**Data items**
lemma Gamma_add_le:
  fixes x s :: real assumes "x > 0" "0 \<le> s" "s \<le> 1"
  shows "Gamma (x + s) \<le> x powr s * Gamma x"
proof -
  have G: "Gamma x \<noteq> 0" using Gamma_real_pos[OF assms(1)] by linarith
  have "ln (Gamma (x + s)) \<le> (1 - s) * ln (Gamma x) + s * ln (Gamma (x + 1))"
    using ln_Gamma_convex[of x "x + 1" s] assms by (simp add: algebra_simps)
  also have "\<dots> = (1 - s) * ln (Gamma x) + s * (ln x + ln (Gamma x))"
    using assms by (simp add: ln_Gamma_plus1_pos)
  also have "\<dots> = ln (x powr s * Gamma x)"
    using assms G by (simp add: ln_mult ln_powr algebra_simps)
  finally show ?thesis using assms by simp
qed

lemma Gamma_add_ge:
  fixes x s :: real assumes "x > 0" "0 \<le> s" "s \<le> 1"
  shows "x * Gamma x \<le> (x + s) powr (1 - s) * Gamma (x + s)"
proof -
  have xs: "x + s > 0" using assms by simp
  have G: "Gamma (x + s) \<noteq> 0" using Gamma_real_pos[OF xs] by linarith
  have "ln (x * Gamma x) = ln (Gamma (s * (x + s) + (1 - s) * (x + s + 1)))"
    using Gamma_plus1_pos[OF assms(1)] by (simp add: algebra_simps)
  also have "\<dots> \<le> s * ln (Gamma (x + s)) + (1 - s) * ln (Gamma (x + s + 1))"
    using ln_Gamma_convex[of "x + s" "x + s + 1" "1 - s"] assms by simp
  also have "\<dots> = s * ln (Gamma (x + s)) + (1 - s) * (ln (x + s) + ln (Gamma (x + s)))"
    using xs by (simp add: ln_Gamma_plus1_pos)
  also have "\<dots> = ln ((x + s) powr (1 - s) * Gamma (x + s))"
    using xs G by (simp add: ln_mult ln_powr algebra_simps)
  finally show ?thesis using assms xs by simp
qed

lemma Gamma_shift_lower:
  fixes x a :: real assumes "x > 0" "1 \<le> a" "a \<le> 2"
  shows "x powr a * Gamma x \<le> Gamma (x + a)"
proof -
  define s where "s = a - 1"
  have s: "0 \<le> s" "s \<le> 1" and xs: "x + s > 0" using assms by (auto simp: s_def)
  have "x powr a * Gamma x = x powr s * (x * Gamma x)"
    using assms by (simp add: s_def powr_diff)
  also have "\<dots> \<le> (x + s) powr s * ((x + s) powr (1 - s) * Gamma (x + s))"
    by (rule mult_mono) (use assms s Gamma_add_ge[OF assms(1) s] in \<open>auto intro: powr_mono2\<close>)
  also have "\<dots> = (x + s) * Gamma (x + s)"
    using xs by (simp add: powr_add[symmetric])
  also have "\<dots> = Gamma (x + a)"
    using Gamma_plus1_pos[OF xs] by (simp add: s_def)
  finally show ?thesis .
qed

lemma Gamma_shift_upper:
  fixes x a :: real assumes "x > 0" "1 \<le> a" "a \<le> 2"
  shows "Gamma (x + a) \<le> (x + a - 1) powr a * Gamma x"
proof -
  define s where "s = a - 1"
  have s: "0 \<le> s" "s \<le> 1" and xs: "x + s > 0" using assms by (auto simp: s_def)
  have "Gamma (x + a) = (x + s) * Gamma (x + s)"
    using Gamma_plus1_pos[OF xs] by (simp add: s_def)
  also have "\<dots> \<le> (x + s) * (x powr s * Gamma x)"
    using Gamma_add_le[OF assms(1) s] xs by (intro mult_left_mono) auto
  also have "\<dots> \<le> (x + s) * ((x + s) powr s * Gamma x)"
    using assms s xs by (intro mult_left_mono mult_right_mono powr_mono2) auto
  also have "\<dots> = (x + s) powr (s + 1) * Gamma x"
    using xs by (simp add: powr_add)
  also have "\<dots> = (x + a - 1) powr a * Gamma x"
    by (simp add: s_def add_diff_eq)
  finally show ?thesis .
qed
lemma nn_integral_Hker_truncated:
  fixes y M a b :: real
  assumes y: "y > 0" and M: "M > 0"
  shows "(\<integral>\<^sup>+x. ennreal (Hker (a + b) mu nu x y * x powr (a - 1 - mu)) * indicator {y/M..y*M} x \<partial>lborel)
       = ennreal (y powr (nu - b)) *
         (\<integral>\<^sup>+\<tau>. ennreal (\<tau> powr (a - 1) / (1 + \<tau>) powr (a + b)) * indicator {1/M..M} \<tau> \<partial>lborel)"
proof -
  have ind: "indicator {y/M..y*M} (y * \<tau>) = (indicator {1/M..M} \<tau> :: ennreal)" for \<tau>
    using y M by (auto simp: indicator_def field_simps)
  have integrand: "ennreal (Hker (a + b) mu nu (y * \<tau>) y * (y * \<tau>) powr (a - 1 - mu)) * indicator {y/M..y*M} (y * \<tau>)
      = ennreal (y powr (nu - b - 1)) * (ennreal (\<tau> powr (a - 1) / (1 + \<tau>) powr (a + b)) * indicator {1/M..M} \<tau>)"
    for \<tau> :: real
  proof (cases "\<tau> \<in> {1/M..M}")
    case True
    then have \<tau>: "\<tau> > 0" using M by (auto intro: less_le_trans[of 0 "1/M"])
    have "y * \<tau> + y = y * (1 + \<tau>)" by (simp add: algebra_simps)
    then have "(y * \<tau> + y) powr (a + b) = y powr (a + b) * (1 + \<tau>) powr (a + b)"
      using y \<tau> by (simp add: powr_mult)
    then have "Hker (a + b) mu nu (y * \<tau>) y * (y * \<tau>) powr (a - 1 - mu)
        = (y powr mu * y powr nu * y powr (a - 1 - mu) / y powr (a + b)) *
          (\<tau> powr mu * \<tau> powr (a - 1 - mu) / (1 + \<tau>) powr (a + b))"
      using y \<tau> by (simp add: Hker_def powr_mult field_simps)
    also have "y powr mu * y powr nu * y powr (a - 1 - mu) / y powr (a + b) = y powr (nu - b - 1)"
      using y by (simp add: powr_add[symmetric] powr_diff[symmetric] algebra_simps)
    also have "\<tau> powr mu * \<tau> powr (a - 1 - mu) = \<tau> powr (a - 1)"
      using \<tau> by (simp add: powr_add[symmetric])
    finally show ?thesis
      using True y by (simp add: ind ennreal_mult'[symmetric])
  next
    case False
    then show ?thesis by (simp add: ind)
  qed
  have "(\<integral>\<^sup>+x. ennreal (Hker (a + b) mu nu x y * x powr (a - 1 - mu)) * indicator {y/M..y*M} x \<partial>lborel)
      = ennreal y * (\<integral>\<^sup>+\<tau>. ennreal (Hker (a + b) mu nu (y * \<tau>) y * (y * \<tau>) powr (a - 1 - mu)) *
          indicator {y/M..y*M} (y * \<tau>) \<partial>lborel)"
    using nn_integral_real_affine[of "\<lambda>x. ennreal (Hker (a + b) mu nu x y * x powr (a - 1 - mu)) *
        indicator {y/M..y*M} x" y 0] y by simp
  also have "\<dots> = ennreal y * (\<integral>\<^sup>+\<tau>. ennreal (y powr (nu - b - 1)) *
      (ennreal (\<tau> powr (a - 1) / (1 + \<tau>) powr (a + b)) * indicator {1/M..M} \<tau>) \<partial>lborel)"
    by (simp only: integrand)
  also have "\<dots> = ennreal (y * y powr (nu - b - 1)) *
      (\<integral>\<^sup>+\<tau>. ennreal (\<tau> powr (a - 1) / (1 + \<tau>) powr (a + b)) * indicator {1/M..M} \<tau> \<partial>lborel)"
    using y by (subst nn_integral_cmult) (auto simp: ennreal_mult' mult.assoc)
  also have "y * y powr (nu - b - 1) = y powr (nu - b)"
    using y powr_add[of y 1 "nu - b - 1"] by simp
  finally show ?thesis .
qed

**What you should do**
Once more, write out the records exactly as they are.

**Result for this task**
lemma Gamma_add_le:
  fixes x s :: real assumes "x > 0" "0 \<le> s" "s \<le> 1"
  shows "Gamma (x + s) \<le> x powr s * Gamma x"
proof -
  have G: "Gamma x \<noteq> 0" using Gamma_real_pos[OF assms(1)] by linarith
  have "ln (Gamma (x + s)) \<le> (1 - s) * ln (Gamma x) + s * ln (Gamma (x + 1))"
    using ln_Gamma_convex[of x "x + 1" s] assms by (simp add: algebra_simps)
  also have "\<dots> = (1 - s) * ln (Gamma x) + s * (ln x + ln (Gamma x))"
    using assms by (simp add: ln_Gamma_plus1_pos)
  also have "\<dots> = ln (x powr s * Gamma x)"
    using assms G by (simp add: ln_mult ln_powr algebra_simps)
  finally show ?thesis using assms by simp
qed

lemma Gamma_add_ge:
  fixes x s :: real assumes "x > 0" "0 \<le> s" "s \<le> 1"
  shows "x * Gamma x \<le> (x + s) powr (1 - s) * Gamma (x + s)"
proof -
  have xs: "x + s > 0" using assms by simp
  have G: "Gamma (x + s) \<noteq> 0" using Gamma_real_pos[OF xs] by linarith
  have "ln (x * Gamma x) = ln (Gamma (s * (x + s) + (1 - s) * (x + s + 1)))"
    using Gamma_plus1_pos[OF assms(1)] by (simp add: algebra_simps)
  also have "\<dots> \<le> s * ln (Gamma (x + s)) + (1 - s) * ln (Gamma (x + s + 1))"
    using ln_Gamma_convex[of "x + s" "x + s + 1" "1 - s"] assms by simp
  also have "\<dots> = s * ln (Gamma (x + s)) + (1 - s) * (ln (x + s) + ln (Gamma (x + s)))"
    using xs by (simp add: ln_Gamma_plus1_pos)
  also have "\<dots> = ln ((x + s) powr (1 - s) * Gamma (x + s))"
    using xs G by (simp add: ln_mult ln_powr algebra_simps)
  finally show ?thesis using assms xs by simp
qed

lemma Gamma_shift_lower:
  fixes x a :: real assumes "x > 0" "1 \<le> a" "a \<le> 2"
  shows "x powr a * Gamma x \<le> Gamma (x + a)"
proof -
  define s where "s = a - 1"
  have s: "0 \<le> s" "s \<le> 1" and xs: "x + s > 0" using assms by (auto simp: s_def)
  have "x powr a * Gamma x = x powr s * (x * Gamma x)"
    using assms by (simp add: s_def powr_diff)
  also have "\<dots> \<le> (x + s) powr s * ((x + s) powr (1 - s) * Gamma (x + s))"
    by (rule mult_mono) (use assms s Gamma_add_ge[OF assms(1) s] in \<open>auto intro: powr_mono2\<close>)
  also have "\<dots> = (x + s) * Gamma (x + s)"
    using xs by (simp add: powr_add[symmetric])
  also have "\<dots> = Gamma (x + a)"
    using Gamma_plus1_pos[OF xs] by (simp add: s_def)
  finally show ?thesis .
qed

lemma Gamma_shift_upper:
  fixes x a :: real assumes "x > 0" "1 \<le> a" "a \<le> 2"
  shows "Gamma (x + a) \<le> (x + a - 1) powr a * Gamma x"
proof -
  define s where "s = a - 1"
  have s: "0 \<le> s" "s \<le> 1" and xs: "x + s > 0" using assms by (auto simp: s_def)
  have "Gamma (x + a) = (x + s) * Gamma (x + s)"
    using Gamma_plus1_pos[OF xs] by (simp add: s_def)
  also have "\<dots> \<le> (x + s) * (x powr s * Gamma x)"
    using Gamma_add_le[OF assms(1) s] xs by (intro mult_left_mono) auto
  also have "\<dots> \<le> (x + s) * ((x + s) powr s * Gamma x)"
    using assms s xs by (intro mult_left_mono mult_right_mono powr_mono2) auto
  also have "\<dots> = (x + s) powr (s + 1) * Gamma x"
    using xs by (simp add: powr_add)
  also have "\<dots> = (x + a - 1) powr a * Gamma x"
    by (simp add: s_def add_diff_eq)
  finally show ?thesis .
qed
lemma nn_integral_Hker_truncated:
  fixes y M a b :: real
  assumes y: "y > 0" and M: "M > 0"
  shows "(\<integral>\<^sup>+x. ennreal (Hker (a + b) mu nu x y * x powr (a - 1 - mu)) * indicator {y/M..y*M} x \<partial>lborel)
       = ennreal (y powr (nu - b)) *
         (\<integral>\<^sup>+\<tau>. ennreal (\<tau> powr (a - 1) / (1 + \<tau>) powr (a + b)) * indicator {1/M..M} \<tau> \<partial>lborel)"
proof -
  have ind: "indicator {y/M..y*M} (y * \<tau>) = (indicator {1/M..M} \<tau> :: ennreal)" for \<tau>
    using y M by (auto simp: indicator_def field_simps)
  have integrand: "ennreal (Hker (a + b) mu nu (y * \<tau>) y * (y * \<tau>) powr (a - 1 - mu)) * indicator {y/M..y*M} (y * \<tau>)
      = ennreal (y powr (nu - b - 1)) * (ennreal (\<tau> powr (a - 1) / (1 + \<tau>) powr (a + b)) * indicator {1/M..M} \<tau>)"
    for \<tau> :: real
  proof (cases "\<tau> \<in> {1/M..M}")
    case True
    then have \<tau>: "\<tau> > 0" using M by (auto intro: less_le_trans[of 0 "1/M"])
    have "y * \<tau> + y = y * (1 + \<tau>)" by (simp add: algebra_simps)
    then have "(y * \<tau> + y) powr (a + b) = y powr (a + b) * (1 + \<tau>) powr (a + b)"
      using y \<tau> by (simp add: powr_mult)
    then have "Hker (a + b) mu nu (y * \<tau>) y * (y * \<tau>) powr (a - 1 - mu)
        = (y powr mu * y powr nu * y powr (a - 1 - mu) / y powr (a + b)) *
          (\<tau> powr mu * \<tau> powr (a - 1 - mu) / (1 + \<tau>) powr (a + b))"
      using y \<tau> by (simp add: Hker_def powr_mult field_simps)
    also have "y powr mu * y powr nu * y powr (a - 1 - mu) / y powr (a + b) = y powr (nu - b - 1)"
      using y by (simp add: powr_add[symmetric] powr_diff[symmetric] algebra_simps)
    also have "\<tau> powr mu * \<tau> powr (a - 1 - mu) = \<tau> powr (a - 1)"
      using \<tau> by (simp add: powr_add[symmetric])
    finally show ?thesis
      using True y by (simp add: ind ennreal_mult'[symmetric])
  next
    case False
    then show ?thesis by (simp add: ind)
  qed
  have "(\<integral>\<^sup>+x. ennreal (Hker (a + b) mu nu x y * x powr (a - 1 - mu)) * indicator {y/M..y*M} x \<partial>lborel)
      = ennreal y * (\<integral>\<^sup>+\<tau>. ennreal (Hker (a + b) mu nu (y * \<tau>) y * (y * \<tau>) powr (a - 1 - mu)) *
          indicator {y/M..y*M} (y * \<tau>) \<partial>lborel)"
    using nn_integral_real_affine[of "\<lambda>x. ennreal (Hker (a + b) mu nu x y * x powr (a - 1 - mu)) *
        indicator {y/M..y*M} x" y 0] y by simp
  also have "\<dots> = ennreal y * (\<integral>\<^sup>+\<tau>. ennreal (y powr (nu - b - 1)) *
      (ennreal (\<tau> powr (a - 1) / (1 + \<tau>) powr (a + b)) * indicator {1/M..M} \<tau>) \<partial>lborel)"
    by (simp only: integrand)
  also have "\<dots> = ennreal (y * y powr (nu - b - 1)) *
      (\<integral>\<^sup>+\<tau>. ennreal (\<tau> powr (a - 1) / (1 + \<tau>) powr (a + b)) * indicator {1/M..M} \<tau> \<partial>lborel)"
    using y by (subst nn_integral_cmult) (auto simp: ennreal_mult' mult.assoc)
  also have "y * y powr (nu - b - 1) = y powr (nu - b)"
    using y powr_add[of y 1 "nu - b - 1"] by simp
  finally show ?thesis .
qed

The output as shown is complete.